In addition, users can tag individual files or groups of files for ease of data comprehension and reuse by others. While categories are required, tagging is not, though we recommend that users tag their files because it helps other users to efficiently identify file contents in the publication interface. For each project type the list of tags are agreed upon terms contributed by experts in the field of NH. If the tags available do not apply, feel free to add custom tags and submit tickets informing the curation team about the need to incorporate them in the list. We heard from our users that the list of tags per category reaffirms them of the need to include certain types of documentation to their publication. 

To enhance organization and description of projects type "Other," users can group files in folders when needed and use file tags. However, it is always best to avoid overly nesting and instead use the file tags and descriptions to indicate what are the groupings.

File naming conventions are often a very important part of the work of organizing and running large scale experimental and simulation data. See this Stanford University Libraries best practices for file naming convention. 

The following are good examples of data organization and description of different project types:

Project Documentation

NH projects can be very large and complex, so we require that users submit a data report or a readme file to publish along with their data to express information that will facilitate understanding and reuse of your project.

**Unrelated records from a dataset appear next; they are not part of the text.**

(* Let $D$ be a $3$-dicritical digraph that is not a bidirected odd cycle. Then the bidirected part $B(D)$ is a forest.
   Context: Digraphs are finite, with no loops and no parallel arcs; a digon is a pair of arcs $uv,vu$. A $2$-dicolouring of $D$ is a map $V(D)\to\{1,2\}$ such that each colour class induces an acyclic subdigraph. $D$ is $3$-dicritical if $D$ has no $2$-dicolouring but every proper subdigraph has one. The bidirected part $B(D)$ is the undirected graph on $V(D)$ in which $u,v$ are adjacent iff $D$ contains both arcs $uv$ and $vu$. A bidirected odd cycle is the digraph obtained from an odd (undirected) cycle by replacing every edge with a digon. *)

theory Defs
  imports Main
begin

definition digraph :: "'a set \<Rightarrow> ('a \<times> 'a) set \<Rightarrow> bool" where
  "digraph V A \<longleftrightarrow> finite V \<and> A \<subseteq> V \<times> V \<and> (\<forall>v. (v, v) \<notin> A)"

definition subdigraph :: "'a set \<Rightarrow> ('a \<times> 'a) set \<Rightarrow> 'a set \<Rightarrow> ('a \<times> 'a) set \<Rightarrow> bool" where
  "subdigraph V' A' V A \<longleftrightarrow> V' \<subseteq> V \<and> A' \<subseteq> A \<and> A' \<subseteq> V' \<times> V'"

definition two_dicolouring :: "'a set \<Rightarrow> ('a \<times> 'a) set \<Rightarrow> ('a \<Rightarrow> nat) \<Rightarrow> bool" where
  "two_dicolouring V A c \<longleftrightarrow> (\<forall>v\<in>V. c v \<in> {1, 2}) \<and>
     (\<forall>i\<in>{1::nat, 2}. acyclic (A \<inter> ({v\<in>V. c v = i} \<times> {v\<in>V. c v = i})))"

definition two_dicolourable :: "'a set \<Rightarrow> ('a \<times> 'a) set \<Rightarrow> bool" where
  "two_dicolourable V A \<longleftrightarrow> (\<exists>c. two_dicolouring V A c)"

definition three_dicritical :: "'a set \<Rightarrow> ('a \<times> 'a) set \<Rightarrow> bool" where
  "three_dicritical V A \<longleftrightarrow> \<not> two_dicolourable V A \<and>
     (\<forall>V' A'. subdigraph V' A' V A \<and> (V', A') \<noteq> (V, A) \<longrightarrow> two_dicolourable V' A')"

definition bidirected_adj :: "('a \<times> 'a) set \<Rightarrow> 'a \<Rightarrow> 'a \<Rightarrow> bool" where
  "bidirected_adj A u v \<longleftrightarrow> (u, v) \<in> A \<and> (v, u) \<in> A"

definition is_forest :: "'a set \<Rightarrow> ('a \<Rightarrow> 'a \<Rightarrow> bool) \<Rightarrow> bool" where
  "is_forest V E \<longleftrightarrow> \<not> (\<exists>vs. length vs \<ge> 3 \<and> distinct vs \<and> set vs \<subseteq> V \<and>
      (\<forall>i < length vs. E (vs ! i) (vs ! ((i + 1) mod length vs))))"

definition bidirected_odd_cycle :: "'a set \<Rightarrow> ('a \<times> 'a) set \<Rightarrow> bool" where
  "bidirected_odd_cycle V A \<longleftrightarrow> (\<exists>vs. length vs \<ge> 3 \<and> odd (length vs) \<and> distinct vs \<and>
      V = set vs \<and>
      A = (\<Union>i<length vs. {(vs ! i, vs ! ((i + 1) mod length vs)),
                            (vs ! ((i + 1) mod length vs), vs ! i)}))"

end

theory Submission
  imports Defs
begin

text \<open>In a 2-dicolouring the two ends of a digon get different colours, so along a bidirected
  cycle the colours alternate. An odd bidirected cycle is therefore a subdigraph without a
  2-dicolouring, and criticality forces it to be all of D. On an even bidirected cycle, delete
  one arc uv and 2-dicolour the rest: the remaining bidirected path from v to u has odd length,
  so u and v get different colours, and the deleted arc can be put back.\<close>

definition bidirected_closed_walk :: "('a \<times> 'a) set \<Rightarrow> 'a list \<Rightarrow> bool" where
  "bidirected_closed_walk A vs \<longleftrightarrow>
     (\<forall>i < length vs. bidirected_adj A (vs ! i) (vs ! ((i + 1) mod length vs)))"

definition cycle_digons :: "'a list \<Rightarrow> ('a \<times> 'a) set" where
  "cycle_digons vs = (\<Union>i<length vs. {(vs ! i, vs ! ((i + 1) mod length vs)),
                                      (vs ! ((i + 1) mod length vs), vs ! i)})"

lemma bidirected_closed_walk_cycle_digons: "bidirected_closed_walk (cycle_digons vs) vs"
  unfolding bidirected_closed_walk_def bidirected_adj_def cycle_digons_def by blast

lemma cycle_digons_subset:
  assumes "bidirected_closed_walk A vs"
  shows "cycle_digons vs \<subseteq> A"
  using assms unfolding bidirected_closed_walk_def bidirected_adj_def cycle_digons_def by blast

lemma nth_mod_length_in_set:
  assumes "0 < length vs"
  shows "vs ! (k mod length vs) \<in> set vs"
  using assms by simp

lemma cycle_digons_subset_Times: "cycle_digons vs \<subseteq> set vs \<times> set vs"
  unfolding cycle_digons_def by (auto intro!: nth_mod_length_in_set)

lemma bidirected_adj_Diff:
  "bidirected_adj (A - {a}) x y \<longleftrightarrow> bidirected_adj A x y \<and> (x, y) \<noteq> a \<and> (y, x) \<noteq> a"
  unfolding bidirected_adj_def by blast

lemma two_dicolouring_digon:
  assumes "two_dicolouring V A c" "x \<in> V" "y \<in> V" "bidirected_adj A x y"
  shows "c x \<noteq> c y"
proof
  assume same: "c x = c y"
  let ?C = "{v\<in>V. c v = c x}"
  have "acyclic (A \<inter> (?C \<times> ?C))"
    using assms(1,2) unfolding two_dicolouring_def by blast
  moreover have "(x, y) \<in> A \<inter> (?C \<times> ?C)" "(y, x) \<in> A \<inter> (?C \<times> ?C)"
    using assms(2-4) same unfolding bidirected_adj_def by auto
  ultimately show False
    unfolding acyclic_def by (meson trancl.r_into_trancl trancl_into_trancl)
qed

lemma two_dicolouring_insert_bichromatic:
  assumes "two_dicolouring V A c" "c u \<noteq> c v"
  shows "two_dicolouring V (insert (u, v) A) c"
proof -
  have "insert (u, v) A \<inter> (C \<times> C) = A \<inter> (C \<times> C)" if "C = {x\<in>V. c x = i}" for C i
    using that assms(2) by auto
  then show ?thesis
    using assms(1) unfolding two_dicolouring_def by simp
qed

lemma alternating_two_colours_parity:
  fixes c :: "'b \<Rightarrow> nat"
  assumes "\<forall>i<m. c (f i) \<noteq> c (f (Suc i))" "\<forall>i\<le>m. c (f i) \<in> {1, 2}"
  shows "c (f m) = c (f 0) \<longleftrightarrow> even m"
  using assms
proof (induction m)
  case 0
  then show ?case by simp
next
  case (Suc m)
  then have "c (f m) = c (f 0) \<longleftrightarrow> even m" by auto
  moreover have "c (f m) \<in> {1, 2}" "c (f (Suc m)) \<in> {1, 2}" "c (f 0) \<in> {1, 2}"
    "c (f m) \<noteq> c (f (Suc m))"
    using Suc.prems by auto
  ultimately show ?case by auto
qed

lemma two_dicolouring_bidirected_path_parity:
  assumes "two_dicolouring V A c" "\<forall>i\<le>m. f i \<in> V"
    and "\<forall>i<m. bidirected_adj A (f i) (f (Suc i))"
  shows "c (f m) = c (f 0) \<longleftrightarrow> even m"
proof (rule alternating_two_colours_parity)
  show "\<forall>i<m. c (f i) \<noteq> c (f (Suc i))"
    using assms two_dicolouring_digon by (metis Suc_leI less_imp_le_nat)
  show "\<forall>i\<le>m. c (f i) \<in> {1, 2}"
    using assms(1,2) unfolding two_dicolouring_def by blast
qed

lemma two_dicolouring_bidirected_closed_walk_even:
  assumes "two_dicolouring V A c" "set vs \<subseteq> V" "bidirected_closed_walk A vs"
  shows "even (length vs)"
proof (cases "vs = []")
  case False
  define n where "n = length vs"
  have "n > 0" using False n_def by simp
  define f where "f i = vs ! (i mod n)" for i
  have "c (f n) = c (f 0) \<longleftrightarrow> even n"
  proof (rule two_dicolouring_bidirected_path_parity[OF assms(1)])
    show "\<forall>i\<le>n. f i \<in> V"
      using assms(2) \<open>n > 0\<close> unfolding f_def n_def by auto
    show "\<forall>i<n. bidirected_adj A (f i) (f (Suc i))"
      using assms(3) unfolding bidirected_closed_walk_def f_def n_def by simp
  qed
  then show ?thesis unfolding f_def n_def by simp
qed simp

lemma even_bidirected_cycle_bichromatic_arc:
  assumes "two_dicolouring V (A - {(vs ! 0, vs ! 1)}) c" "set vs \<subseteq> V"
    and "bidirected_closed_walk A vs" "distinct vs" "length vs \<ge> 3" "even (length vs)"
  shows "c (vs ! 0) \<noteq> c (vs ! 1)"
proof -
  define n where "n = length vs"
  have n3: "n \<ge> 3" using assms(5) n_def by simp
  have idx: "vs ! i = vs ! j \<longleftrightarrow> i = j" if "i < n" "j < n" for i j
    using assms(4) that n_def nth_eq_iff_index_eq by blast
  define f where "f i = vs ! ((i + 1) mod n)" for i
  \<comment> \<open>f walks once around the cycle from vs ! 1 to vs ! 0, avoiding the deleted arc\<close>
  have "c (f (n - 1)) = c (f 0) \<longleftrightarrow> even (n - 1)"
  proof (rule two_dicolouring_bidirected_path_parity[OF assms(1)])
    show "\<forall>i\<le>n - 1. f i \<in> V"
      using assms(2) n3 nth_mod_length_in_set[of vs] unfolding f_def n_def by fastforce
    show "\<forall>i<n - 1. bidirected_adj (A - {(vs ! 0, vs ! 1)}) (f i) (f (Suc i))"
    proof (intro allI impI)
      fix i assume i: "i < n - 1"
      have f_i: "f i = vs ! (i + 1)" and f_Suc: "f (Suc i) = vs ! ((i + 1 + 1) mod n)"
        using i unfolding f_def by simp_all
      have "bidirected_adj A (f i) (f (Suc i))"
        using assms(3) i unfolding bidirected_closed_walk_def f_i f_Suc n_def by simp
      moreover have "f i \<noteq> vs ! 0"
        using i n3 idx[of "i + 1" 0] unfolding f_i by simp
      moreover have "f (Suc i) \<noteq> vs ! 0 \<or> f i \<noteq> vs ! 1"
        using i n3 idx[of "(i + 1 + 1) mod n" 0] idx[of "i + 1" 1] unfolding f_i f_Suc
        by (auto dest: dvd_imp_le)
      ultimately show "bidirected_adj (A - {(vs ! 0, vs ! 1)}) (f i) (f (Suc i))"
        unfolding bidirected_adj_Diff by auto
    qed
  qed
  moreover have "f (n - 1) = vs ! 0" "f 0 = vs ! 1"
    using n3 unfolding f_def by simp_all
  ultimately show ?thesis
    using assms(6) n3 unfolding n_def by auto
qed

lemma three_dicritical_bidirected_cycle_odd:
  assumes "digraph V A" "three_dicritical V A" "set vs \<subseteq> V"
    and "bidirected_closed_walk A vs" "distinct vs" "length vs \<ge> 3"
  shows "odd (length vs)"
proof
  assume even: "even (length vs)"
  define a where "a = (vs ! 0, vs ! 1)"
  have "bidirected_adj A (vs ! 0) (vs ! ((0 + 1) mod length vs))"
    using assms(4)[unfolded bidirected_closed_walk_def, rule_format, of 0] assms(6) by linarith
  then have "bidirected_adj A (vs ! 0) (vs ! 1)"
    using assms(6) by simp
  then have "a \<in> A" unfolding a_def bidirected_adj_def by simp
  then have "subdigraph V (A - {a}) V A" "(V, A - {a}) \<noteq> (V, A)"
    using assms(1) unfolding subdigraph_def digraph_def by auto
  then obtain c where c: "two_dicolouring V (A - {a}) c"
    using assms(2) unfolding three_dicritical_def two_dicolourable_def by blast
  have "c (vs ! 0) \<noteq> c (vs ! 1)"
    using even_bidirected_cycle_bichromatic_arc[OF c[unfolded a_def] assms(3-6) even] .
  then have "two_dicolouring V (insert a (A - {a})) c"
    using two_dicolouring_insert_bichromatic[OF c] unfolding a_def by blast
  then have "two_dicolourable V A"
    using \<open>a \<in> A\<close> insert_Diff unfolding two_dicolourable_def by metis
  then show False
    using assms(2) unfolding three_dicritical_def by simp
qed

lemma three_dicritical_odd_bidirected_cycle:
  assumes "three_dicritical V A" "set vs \<subseteq> V" "bidirected_closed_walk A vs"
    and "distinct vs" "length vs \<ge> 3" "odd (length vs)"
  shows "bidirected_odd_cycle V A"
proof -
  have "subdigraph (set vs) (cycle_digons vs) V A"
    using assms(2,3) cycle_digons_subset cycle_digons_subset_Times unfolding subdigraph_def by blast
  moreover have "\<not> two_dicolourable (set vs) (cycle_digons vs)"
    using two_dicolouring_bidirected_closed_walk_even bidirected_closed_walk_cycle_digons assms(6)
    unfolding two_dicolourable_def by blast
  ultimately have "(set vs, cycle_digons vs) = (V, A)"
    using assms(1) unfolding three_dicritical_def by blast
  then show ?thesis
    using assms(4-6) unfolding bidirected_odd_cycle_def cycle_digons_def by blast
qed

theorem proposition28:
  fixes V :: "'a set" and A :: "('a \<times> 'a) set"
  assumes "digraph V A"
    and "three_dicritical V A"
    and "\<not> bidirected_odd_cycle V A"
  shows "is_forest V (bidirected_adj A)"
proof (rule ccontr)
  assume "\<not> is_forest V (bidirected_adj A)"
  then obtain vs where "length vs \<ge> 3" "distinct vs" "set vs \<subseteq> V" "bidirected_closed_walk A vs"
    unfolding is_forest_def bidirected_closed_walk_def by blast
  moreover from this have "odd (length vs)"
    using three_dicritical_bidirected_cycle_odd assms(1,2) by blast
  ultimately have "bidirected_odd_cycle V A"
    using three_dicritical_odd_bidirected_cycle assms(2) by blast
  with assms(3) show False ..
qed

end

This documentation may include the structure of the data, a data dictionary, information of where everything is, explanation of the file naming convention used, and the methodology used to check the quality of the data. The data report in this published dataset is an excellent example of documentation. 

To provide context needed for others to understand the processes involved in gathering/creating the data, users can use the Related Work field to link their datasets to: other resources used or connected to the data publication, related projects in the DDR, and existing papers published elsewhere about the dataset. 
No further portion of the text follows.